Both Manville (2002) and Derby et al. (2002) recommended daily searches of all electrical wiring to assess for electrocution and wire collision mortality.        

Homan et al. (2001) used Labrador retrievers and a Chesapeake Bay retriever to search 6 plots, 5 x 40 m (16 x 131 ft) in size, delineated by flagging, to detect 8 thawed House Sparrow carcasses randomly thrown in each of the plots from 1 m (3 ft) outside the plot, allowing the human or human-dog team to search each plot for 10 minutes.  Dogs were kept on 5-m (16-ft) leashes during searches.  Humans were active searchers when using the dogs.  Searches were not conducted during steady rain or when winds were > 32 km/hr (20 mph).  The technique with leashed dogs could easily be used to survey both tall and short tower plots, based on the protocols previously recommended.  With the dogs confined to leashes, additional training would be unnecessary.

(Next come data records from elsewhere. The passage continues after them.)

(* Let $p,m,n\ge1$, let $a_1,\dots,a_n\in\mathbb{C}$ be distinct, let $m_1,\dots,m_n\ge1$ be integers, let $C_0,\dots,C_{m-1}$, $B_k^{(j)}$ be complex $p\times p$ matrices, let $\|\cdot\|$ be any induced matrix norm, and let $$R(\lambda)=I\lambda^m-C_{m-1}\lambda^{m-1}-\cdots-C_1\lambda-C_0+\sum_{j=1}^{n}\sum_{k=1}^{m_j}\frac{B_k^{(j)}}{(\lambda-a_j)^k}.$$ If $\lambda_0$ is an eigenvalue of $R(\lambda)$, then: (1) $|\lambda_0|\le\max_{1\le j\le n}\Big\{1+|a_j|,\ \sum_{j=1}^n\sum_{k=1}^{m_j}\|B_k^{(j)}\|+\sum_{i=0}^{m-1}\|C_i\|\Big\}$; (2) if every $m_j=1$ (writing $B^{(j)}=B^{(j)}_1$), then $|\lambda_0|\le\max_{1\le j\le n,\,1\le i\le m-1}\{|a_j|+\|B^{(j)}\|,\ 1+\|C_i\|,\ \|C_0\|+n\}$; otherwise $|\lambda_0|\le\max_{1\le j\le n,\,1\le k\le m_j,\,1\le i\le m-1}\Big\{|a_j|+\|B_k^{(j)}\|,\ 1+|a_j|,\ 1+\|C_i\|,\ \|C_0\|+\sum_{j=1}^n m_j\Big\}$; (3) $|\lambda_0|\le\frac{\alpha+\beta+\sqrt{(\alpha-\beta)^2+(\gamma+\delta)^2}}{2}$, where $\alpha=\max_{1\le j\le n}\{|a_j|+\cos(\frac{\pi}{m_j+1})\}$, $\beta=w(\mathcal{B}_0)$, $\gamma=\sqrt{\sum_{j=1}^n m_j}$, $\delta=\sqrt{\sum_{j=1}^n\sum_{k=1}^{m_j}\|B_k^{(j)}\|^2}$, and $\mathcal{B}_0$ is the $m\times m$ real matrix with $1$'s on the superdiagonal, last row $(\|C_0\|,\|C_1\|,\dots,\|C_{m-1}\|)$, and zeros elsewhere.
   Context: A scalar $\lambda_0\in\mathbb{C}\setminus\{a_1,\dots,a_n\}$ is an eigenvalue of $R(\lambda)$ if there is a nonzero $v\in\mathbb{C}^p$ with $R(\lambda_0)v=0$. For a square complex matrix $A$, $w(A)=\sup\{|x^*Ax|:x^*x=1\}$ is its numerical radius. *)

theory Defs
  imports "HOL-Analysis.Analysis"
begin
lemma legendre_ln_larger_root:
  fixes a b lam x t :: real
  assumes "0 < a" "0 < b" "0 \<le> lam" "lam < a * b" "0 < x" "x < 1"
  defines "r \<equiv> sqrt (1 + 4 * lam * x * (1 - x) / (a * b - lam))" and "d \<equiv> (1 - x) - x"
  defines "V \<equiv> - x * ln (b / (1 - 2 * (1 - x) / (r + 1))) - (1 - x) * ln (a / (1 - 2 * x / (r + 1)))"
    and "t0 \<equiv> ln ((a * (r - d)) / (b * (r + d)))"
  shows "t * x - ln (larger_root (a + b * exp t) (lam * exp t)) \<le> V"
    and "t0 * x - ln (larger_root (a + b * exp t0) (lam * exp t0)) = V"
proof -
  have "1 \<le> r" and r_eq: "a * b * (r\<^sup>2 - 1) = lam * (r\<^sup>2 - d\<^sup>2)"
    using sqrt_Delta[of lam a b x] assms(3-6) by (simp_all add: r_def d_def)
  have "\<bar>d\<bar> < 1"
    using assms(5,6) by (simp add: d_def)
  then have "0 < r + d" "0 < r - d"
    using \<open>1 \<le> r\<close> by linarith+
  \<comment> \<open>At the optimum \<open>t0 = ln s0\<close> the two roots are \<open>z0\<close> and \<open>c0\<close>.\<close>
  define k where "k = a / (r + d)"
  define s0 where "s0 = k * (r - d) / b"
  define z0 where "z0 = k * (r + 1)"
  define c0 where "c0 = k * (r - 1)"
  have "0 < k" "k * (r + d) = a" "b * s0 = k * (r - d)"
    using \<open>0 < r + d\<close> assms(1,2) by (simp_all add: k_def s0_def)
  have "(r + d) * (k * b * (r\<^sup>2 - 1)) = (r + d) * (lam * (r - d))"
    using r_eq unfolding \<open>k * (r + d) = a\<close>[symmetric] by (simp add: power2_eq_square algebra_simps)
  then have "k * b * (r\<^sup>2 - 1) = lam * (r - d)"
    using \<open>0 < r + d\<close> by simp
  have "b * (c0 * z0) = k * (k * b * (r\<^sup>2 - 1))"
    by (simp add: c0_def z0_def power2_eq_square algebra_simps)
  also have "\<dots> = lam * (b * s0)"
    unfolding \<open>k * b * (r\<^sup>2 - 1) = lam * (r - d)\<close> \<open>b * s0 = k * (r - d)\<close> by simp
  finally have "c0 * z0 = lam * s0"
    using assms(2) by (simp add: mult.left_commute)
  moreover have "z0 * (1 - x) + c0 * x = a" "z0 * x + c0 * (1 - x) = b * s0"
    unfolding \<open>b * s0 = k * (r - d)\<close> \<open>k * (r + d) = a\<close>[symmetric]
    by (simp_all add: z0_def c0_def d_def algebra_simps)
  moreover have "0 < s0" "0 < z0" "0 \<le> c0" "c0 \<le> z0"
    using \<open>0 < k\<close> \<open>0 < r - d\<close> \<open>1 \<le> r\<close> assms(2) by (simp_all add: s0_def z0_def c0_def)
  moreover have "V = x * ln s0 - ln z0"
  proof -
    have "1 - 2 * (1 - x) / (r + 1) = (r - d) / (r + 1)" "1 - 2 * x / (r + 1) = (r + d) / (r + 1)"
      using \<open>1 \<le> r\<close> by (simp_all add: d_def field_simps)
    then have "b / (1 - 2 * (1 - x) / (r + 1)) = z0 / s0" "a / (1 - 2 * x / (r + 1)) = z0"
      using \<open>0 < r + d\<close> \<open>0 < r - d\<close> \<open>0 < k\<close> assms(2)
      unfolding \<open>k * (r + d) = a\<close>[symmetric] by (simp_all add: z0_def s0_def)
    then show ?thesis
      using \<open>0 < z0\<close> \<open>0 < s0\<close> by (simp add: V_def ln_div algebra_simps)
  qed
  moreover have "t0 = ln s0"
    unfolding t0_def s0_def k_def by (simp add: field_simps)
  ultimately show "t * x - ln (larger_root (a + b * exp t) (lam * exp t)) \<le> V"
    and "t0 * x - ln (larger_root (a + b * exp t0) (lam * exp t0)) = V"
    using legendre_ln_larger_root_certificate[of x z0 c0 s0 a b lam] assms(5,6) by simp_all
qed

theorem mainTheorem3:
  fixes \<mu> lam x :: real
  assumes "0 < \<mu>" "\<mu> < 1" "0 \<le> lam" "lam < 1" "0 < x" "x < 1"
  defines "\<mu>b \<equiv> 1 - \<mu>" and "xb \<equiv> 1 - x"
  defines "\<Delta> \<equiv> 1 + 4 * lam * x * xb / (\<mu> * \<mu>b * (1 - lam)\<^sup>2)"
  defines "V \<equiv> - x * ln ((\<mu> + \<mu>b * lam) / (1 - 2 * xb / (sqrt \<Delta> + 1)))
              - xb * ln ((\<mu>b + \<mu> * lam) / (1 - 2 * x / (sqrt \<Delta> + 1)))"
  defines "t0 \<equiv> ln (((\<mu>b + \<mu> * lam) * (sqrt \<Delta> - (xb - x)))
                    / ((\<mu> + \<mu>b * lam) * (sqrt \<Delta> + (xb - x))))"
  shows "I_theta \<mu> lam x = V
         \<and> (\<forall>t. t * x - ln (theta \<mu> lam t) \<le> V)
         \<and> t0 * x - ln (theta \<mu> lam t0) = V"
proof -
  define a where "a = \<mu>b + \<mu> * lam"
  define b where "b = \<mu> + \<mu>b * lam"
  have "0 < a" "0 < b"
    using assms(1-4) by (simp_all add: a_def b_def \<mu>b_def add_pos_nonneg)
  have ab: "a * b - lam = \<mu> * \<mu>b * (1 - lam)\<^sup>2"
    by (simp add: a_def b_def \<mu>b_def power2_eq_square algebra_simps)
  moreover have "0 < \<mu> * \<mu>b * (1 - lam)\<^sup>2"
    using assms(1-4) by (simp add: \<mu>b_def)
  ultimately have "lam < a * b"
    by linarith
  have \<Delta>_eq: "\<Delta> = 1 + 4 * lam * x * (1 - x) / (a * b - lam)"
    by (simp add: \<Delta>_def ab xb_def)
  have theta: "theta \<mu> lam t = larger_root (a + b * exp t) (lam * exp t)" for t
    using theta_eq_larger_root[of \<mu> lam t] assms(1,2) by (simp add: a_def b_def \<mu>b_def)
  note legendre = legendre_ln_larger_root[OF \<open>0 < a\<close> \<open>0 < b\<close> assms(3) \<open>lam < a * b\<close> assms(5,6),
      folded \<Delta>_eq theta]
  have bound: "\<forall>t. t * x - ln (theta \<mu> lam t) \<le> V"
    and attained: "t0 * x - ln (theta \<mu> lam t0) = V"
    using legendre unfolding V_def t0_def a_def b_def xb_def by simp_all
  have "I_theta \<mu> lam x = V"
    unfolding I_theta_def by (rule cSup_eq_maximum) (use bound attained in auto)
  with bound attained show ?thesis
    by blast
qed

end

Arnett (2006) used 2 trained chocolate Labrador retrievers to locate test bat carcasses of different species and in different stages of decomposition at commercial wind turbine facilities on the Appalachian Mountain front in PA and WV.  His dogs were trained in basic obedience, “quartering” (i.e., systematically searching back and forth in a 10-m-wide [33 ft] transect), and blind retrieval handling skills.  The dogs were trained with dead bats 7 days prior to field trials.  When a dog found a test bat, the dog was rewarded with a food treat if it performed the task of finding the bat, sitting or stopping movement when given a whistle command to do so, and leaving the carcass undisturbed.  Arnett walked the transect lines at a rate similar to that of humans (i.e., approximately 13-25 m/min [43-82 ft/min]) while the dogs were allowed to quarter the entire width of the transect (5 m [16 ft] on either side of the center line).  While this technique was tested on bats, it also shows great promise for use on birds.  Dogs would require additional training, but unlike the Homan et al. (2001) technique, they would not need to be leashed.  The Arnette technique also shows great promise for use at both tall and short communication towers to locate dead birds and bats.   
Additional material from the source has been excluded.